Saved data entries

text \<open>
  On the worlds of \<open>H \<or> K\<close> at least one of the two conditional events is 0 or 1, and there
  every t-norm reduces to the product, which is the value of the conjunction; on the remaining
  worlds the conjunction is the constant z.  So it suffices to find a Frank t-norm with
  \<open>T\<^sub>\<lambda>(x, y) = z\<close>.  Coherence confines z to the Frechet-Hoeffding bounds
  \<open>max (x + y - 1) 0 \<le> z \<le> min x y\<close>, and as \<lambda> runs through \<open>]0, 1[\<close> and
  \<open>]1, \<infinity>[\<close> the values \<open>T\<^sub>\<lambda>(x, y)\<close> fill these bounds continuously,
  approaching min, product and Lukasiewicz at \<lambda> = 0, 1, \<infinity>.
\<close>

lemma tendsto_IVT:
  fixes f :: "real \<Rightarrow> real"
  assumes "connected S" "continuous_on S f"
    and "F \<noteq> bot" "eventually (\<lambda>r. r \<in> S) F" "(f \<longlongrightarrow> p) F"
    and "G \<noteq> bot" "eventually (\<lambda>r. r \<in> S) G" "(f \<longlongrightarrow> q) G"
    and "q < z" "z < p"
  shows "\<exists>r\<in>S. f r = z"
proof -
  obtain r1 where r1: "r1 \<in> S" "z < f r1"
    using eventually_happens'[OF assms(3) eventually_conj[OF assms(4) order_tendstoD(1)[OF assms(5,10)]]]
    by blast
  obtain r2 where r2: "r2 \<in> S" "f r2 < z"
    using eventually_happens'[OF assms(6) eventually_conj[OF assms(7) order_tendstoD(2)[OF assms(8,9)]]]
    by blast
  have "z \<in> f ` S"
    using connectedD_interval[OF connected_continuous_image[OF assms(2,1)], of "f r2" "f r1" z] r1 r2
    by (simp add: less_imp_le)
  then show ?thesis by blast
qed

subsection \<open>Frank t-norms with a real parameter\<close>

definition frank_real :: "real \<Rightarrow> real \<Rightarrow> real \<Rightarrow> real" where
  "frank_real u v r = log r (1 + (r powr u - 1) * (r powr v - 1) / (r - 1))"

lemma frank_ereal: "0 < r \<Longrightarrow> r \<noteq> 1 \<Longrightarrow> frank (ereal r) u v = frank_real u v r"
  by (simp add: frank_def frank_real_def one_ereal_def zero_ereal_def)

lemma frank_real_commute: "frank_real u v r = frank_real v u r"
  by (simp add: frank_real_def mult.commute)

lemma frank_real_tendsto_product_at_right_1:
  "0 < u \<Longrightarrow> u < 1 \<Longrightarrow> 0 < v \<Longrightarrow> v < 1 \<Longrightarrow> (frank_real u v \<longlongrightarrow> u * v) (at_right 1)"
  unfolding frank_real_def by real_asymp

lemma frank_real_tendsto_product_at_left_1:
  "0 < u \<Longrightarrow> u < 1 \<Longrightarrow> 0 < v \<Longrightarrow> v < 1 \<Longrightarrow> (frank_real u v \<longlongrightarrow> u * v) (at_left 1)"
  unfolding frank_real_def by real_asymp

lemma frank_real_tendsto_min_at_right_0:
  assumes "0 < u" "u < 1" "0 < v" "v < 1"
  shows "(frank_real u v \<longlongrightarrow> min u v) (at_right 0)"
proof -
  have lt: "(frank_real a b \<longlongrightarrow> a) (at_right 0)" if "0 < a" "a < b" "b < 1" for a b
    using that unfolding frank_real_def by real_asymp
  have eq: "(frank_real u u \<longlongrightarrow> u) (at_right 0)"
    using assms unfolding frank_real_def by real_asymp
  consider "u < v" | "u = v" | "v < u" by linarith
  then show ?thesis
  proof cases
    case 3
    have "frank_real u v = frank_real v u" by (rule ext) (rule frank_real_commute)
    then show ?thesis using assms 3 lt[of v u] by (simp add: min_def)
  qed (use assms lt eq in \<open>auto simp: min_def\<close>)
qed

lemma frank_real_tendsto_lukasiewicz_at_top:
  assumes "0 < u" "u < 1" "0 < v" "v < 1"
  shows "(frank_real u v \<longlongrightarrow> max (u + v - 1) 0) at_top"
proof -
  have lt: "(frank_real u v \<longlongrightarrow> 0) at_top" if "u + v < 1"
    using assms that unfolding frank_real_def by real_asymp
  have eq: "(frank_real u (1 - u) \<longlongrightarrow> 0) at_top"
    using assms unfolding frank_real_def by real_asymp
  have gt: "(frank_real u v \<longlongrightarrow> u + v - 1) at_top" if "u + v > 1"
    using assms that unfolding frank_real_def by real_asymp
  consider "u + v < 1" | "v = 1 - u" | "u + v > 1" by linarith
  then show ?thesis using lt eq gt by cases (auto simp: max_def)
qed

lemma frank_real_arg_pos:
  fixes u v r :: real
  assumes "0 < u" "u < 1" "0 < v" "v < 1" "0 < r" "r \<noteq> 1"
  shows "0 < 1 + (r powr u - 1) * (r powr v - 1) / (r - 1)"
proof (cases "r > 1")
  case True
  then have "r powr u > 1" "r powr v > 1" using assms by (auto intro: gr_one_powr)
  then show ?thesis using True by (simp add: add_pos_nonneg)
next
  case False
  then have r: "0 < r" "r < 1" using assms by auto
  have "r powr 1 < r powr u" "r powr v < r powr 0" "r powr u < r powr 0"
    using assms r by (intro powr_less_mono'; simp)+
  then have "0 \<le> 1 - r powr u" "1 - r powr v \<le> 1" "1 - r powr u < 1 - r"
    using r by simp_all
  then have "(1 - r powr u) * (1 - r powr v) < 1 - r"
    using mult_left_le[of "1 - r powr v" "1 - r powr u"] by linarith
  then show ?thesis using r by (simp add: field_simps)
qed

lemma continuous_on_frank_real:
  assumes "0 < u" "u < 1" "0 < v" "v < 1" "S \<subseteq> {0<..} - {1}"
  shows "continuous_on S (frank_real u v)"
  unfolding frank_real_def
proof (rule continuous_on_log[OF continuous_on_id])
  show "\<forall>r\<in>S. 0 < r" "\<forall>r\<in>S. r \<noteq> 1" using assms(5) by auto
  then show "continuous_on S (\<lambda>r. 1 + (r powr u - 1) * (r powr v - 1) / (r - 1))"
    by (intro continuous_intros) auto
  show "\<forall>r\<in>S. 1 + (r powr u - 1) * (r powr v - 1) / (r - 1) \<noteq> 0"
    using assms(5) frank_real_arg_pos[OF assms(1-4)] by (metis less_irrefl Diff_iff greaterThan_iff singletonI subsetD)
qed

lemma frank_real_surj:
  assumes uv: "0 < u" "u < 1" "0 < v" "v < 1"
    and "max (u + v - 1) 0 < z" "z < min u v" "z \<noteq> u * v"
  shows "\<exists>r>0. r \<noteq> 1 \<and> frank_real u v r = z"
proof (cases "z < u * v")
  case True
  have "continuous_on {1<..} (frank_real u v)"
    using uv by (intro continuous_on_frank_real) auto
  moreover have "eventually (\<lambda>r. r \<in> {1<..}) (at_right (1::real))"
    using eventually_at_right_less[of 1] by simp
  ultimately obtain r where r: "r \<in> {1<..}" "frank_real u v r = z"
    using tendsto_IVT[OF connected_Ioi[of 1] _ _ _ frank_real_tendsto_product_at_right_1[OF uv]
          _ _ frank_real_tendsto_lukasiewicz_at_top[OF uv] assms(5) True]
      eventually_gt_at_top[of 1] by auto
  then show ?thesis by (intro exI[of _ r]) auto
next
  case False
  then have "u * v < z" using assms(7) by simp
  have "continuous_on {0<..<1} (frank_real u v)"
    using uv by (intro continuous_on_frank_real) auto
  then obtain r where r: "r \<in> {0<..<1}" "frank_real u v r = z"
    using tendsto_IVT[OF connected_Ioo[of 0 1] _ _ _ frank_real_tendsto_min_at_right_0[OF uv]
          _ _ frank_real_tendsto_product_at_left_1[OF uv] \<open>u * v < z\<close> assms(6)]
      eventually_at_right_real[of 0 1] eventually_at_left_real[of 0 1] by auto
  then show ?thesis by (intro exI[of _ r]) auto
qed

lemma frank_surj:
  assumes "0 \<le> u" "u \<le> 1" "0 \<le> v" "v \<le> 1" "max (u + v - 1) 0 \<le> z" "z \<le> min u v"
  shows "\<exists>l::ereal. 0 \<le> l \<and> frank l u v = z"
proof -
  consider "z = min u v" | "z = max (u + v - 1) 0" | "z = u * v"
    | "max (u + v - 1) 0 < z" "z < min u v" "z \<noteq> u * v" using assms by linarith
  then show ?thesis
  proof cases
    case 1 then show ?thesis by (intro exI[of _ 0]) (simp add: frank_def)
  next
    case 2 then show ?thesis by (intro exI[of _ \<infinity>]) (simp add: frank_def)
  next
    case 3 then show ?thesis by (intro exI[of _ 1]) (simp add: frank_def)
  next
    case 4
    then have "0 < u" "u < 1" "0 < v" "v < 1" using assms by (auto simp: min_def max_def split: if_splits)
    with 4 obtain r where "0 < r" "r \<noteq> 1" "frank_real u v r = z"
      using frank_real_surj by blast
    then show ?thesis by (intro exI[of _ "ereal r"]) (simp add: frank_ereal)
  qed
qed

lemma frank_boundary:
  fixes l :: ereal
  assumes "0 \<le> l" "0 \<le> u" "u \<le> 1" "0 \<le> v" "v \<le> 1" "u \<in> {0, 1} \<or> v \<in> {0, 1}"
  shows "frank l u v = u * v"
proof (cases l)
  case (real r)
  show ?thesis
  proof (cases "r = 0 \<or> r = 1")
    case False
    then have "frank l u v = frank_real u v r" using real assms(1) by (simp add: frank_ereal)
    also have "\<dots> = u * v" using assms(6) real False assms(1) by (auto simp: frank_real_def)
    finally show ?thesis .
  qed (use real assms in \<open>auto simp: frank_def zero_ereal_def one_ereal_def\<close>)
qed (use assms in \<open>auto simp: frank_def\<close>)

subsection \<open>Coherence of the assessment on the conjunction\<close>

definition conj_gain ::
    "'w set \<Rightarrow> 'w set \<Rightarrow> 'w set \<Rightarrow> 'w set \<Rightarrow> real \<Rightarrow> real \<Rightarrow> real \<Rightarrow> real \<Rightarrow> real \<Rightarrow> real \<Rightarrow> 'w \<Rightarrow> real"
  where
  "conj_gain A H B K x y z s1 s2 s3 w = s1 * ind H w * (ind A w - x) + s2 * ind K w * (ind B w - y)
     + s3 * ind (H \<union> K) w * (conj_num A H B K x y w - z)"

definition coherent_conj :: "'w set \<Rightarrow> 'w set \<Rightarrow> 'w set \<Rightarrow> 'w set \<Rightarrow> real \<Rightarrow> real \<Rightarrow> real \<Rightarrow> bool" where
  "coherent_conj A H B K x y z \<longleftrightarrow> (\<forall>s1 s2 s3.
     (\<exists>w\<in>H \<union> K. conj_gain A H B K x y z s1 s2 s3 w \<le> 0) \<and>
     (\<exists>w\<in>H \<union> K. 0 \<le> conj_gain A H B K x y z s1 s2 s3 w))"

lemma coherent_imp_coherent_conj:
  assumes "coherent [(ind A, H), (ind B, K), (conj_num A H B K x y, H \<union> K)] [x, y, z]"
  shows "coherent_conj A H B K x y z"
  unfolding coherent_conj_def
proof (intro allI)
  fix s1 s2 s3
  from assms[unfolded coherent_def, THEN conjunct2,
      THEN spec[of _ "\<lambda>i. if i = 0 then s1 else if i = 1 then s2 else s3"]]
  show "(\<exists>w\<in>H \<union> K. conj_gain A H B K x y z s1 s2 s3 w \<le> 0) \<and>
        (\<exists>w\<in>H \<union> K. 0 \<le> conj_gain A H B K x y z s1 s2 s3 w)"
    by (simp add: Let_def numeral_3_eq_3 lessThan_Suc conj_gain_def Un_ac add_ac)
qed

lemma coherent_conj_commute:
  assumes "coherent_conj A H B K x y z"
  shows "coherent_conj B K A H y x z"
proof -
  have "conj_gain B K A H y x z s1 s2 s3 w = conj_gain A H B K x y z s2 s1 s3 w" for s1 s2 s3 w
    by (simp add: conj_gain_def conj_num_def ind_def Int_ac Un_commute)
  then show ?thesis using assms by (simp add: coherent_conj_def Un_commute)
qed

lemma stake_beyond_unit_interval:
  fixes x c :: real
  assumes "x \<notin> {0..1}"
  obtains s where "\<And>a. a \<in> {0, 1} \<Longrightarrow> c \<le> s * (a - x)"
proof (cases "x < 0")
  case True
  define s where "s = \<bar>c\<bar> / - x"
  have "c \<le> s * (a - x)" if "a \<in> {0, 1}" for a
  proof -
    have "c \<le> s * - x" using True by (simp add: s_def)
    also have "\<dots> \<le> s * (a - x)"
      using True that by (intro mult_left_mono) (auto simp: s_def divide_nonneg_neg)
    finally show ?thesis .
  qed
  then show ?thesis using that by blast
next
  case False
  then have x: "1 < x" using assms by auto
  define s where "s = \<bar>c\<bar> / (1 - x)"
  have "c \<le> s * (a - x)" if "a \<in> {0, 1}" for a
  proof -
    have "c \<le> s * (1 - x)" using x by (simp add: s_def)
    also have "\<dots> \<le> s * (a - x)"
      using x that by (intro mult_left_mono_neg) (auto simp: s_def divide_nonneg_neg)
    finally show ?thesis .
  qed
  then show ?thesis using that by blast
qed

YOUR GOAL -
Starting with the first line above and ending with the line that holds "(1 + (r powr", restate each line word for word and add nothing else.

FINAL ANSWER -
text \<open>
  On the worlds of \<open>H \<or> K\<close> at least one of the two conditional events is 0 or 1, and there
  every t-norm reduces to the product, which is the value of the conjunction; on the remaining
  worlds the conjunction is the constant z.  So it suffices to find a Frank t-norm with
  \<open>T\<^sub>\<lambda>(x, y) = z\<close>.  Coherence confines z to the Frechet-Hoeffding bounds
  \<open>max (x + y - 1) 0 \<le> z \<le> min x y\<close>, and as \<lambda> runs through \<open>]0, 1[\<close> and
  \<open>]1, \<infinity>[\<close> the values \<open>T\<^sub>\<lambda>(x, y)\<close> fill these bounds continuously,
  approaching min, product and Lukasiewicz at \<lambda> = 0, 1, \<infinity>.
\<close>

lemma tendsto_IVT:
  fixes f :: "real \<Rightarrow> real"
  assumes "connected S" "continuous_on S f"
    and "F \<noteq> bot" "eventually (\<lambda>r. r \<in> S) F" "(f \<longlongrightarrow> p) F"
    and "G \<noteq> bot" "eventually (\<lambda>r. r \<in> S) G" "(f \<longlongrightarrow> q) G"
    and "q < z" "z < p"
  shows "\<exists>r\<in>S. f r = z"
proof -
  obtain r1 where r1: "r1 \<in> S" "z < f r1"
    using eventually_happens'[OF assms(3) eventually_conj[OF assms(4) order_tendstoD(1)[OF assms(5,10)]]]
    by blast
  obtain r2 where r2: "r2 \<in> S" "f r2 < z"
    using eventually_happens'[OF assms(6) eventually_conj[OF assms(7) order_tendstoD(2)[OF assms(8,9)]]]
    by blast
  have "z \<in> f ` S"
    using connectedD_interval[OF connected_continuous_image[OF assms(2,1)], of "f r2" "f r1" z] r1 r2
    by (simp add: less_imp_le)
  then show ?thesis by blast
qed

subsection \<open>Frank t-norms with a real parameter\<close>

definition frank_real :: "real \<Rightarrow> real \<Rightarrow> real \<Rightarrow> real" where
  "frank_real u v r = log r (1 + (r powr u - 1) * (r powr v - 1) / (r - 1))"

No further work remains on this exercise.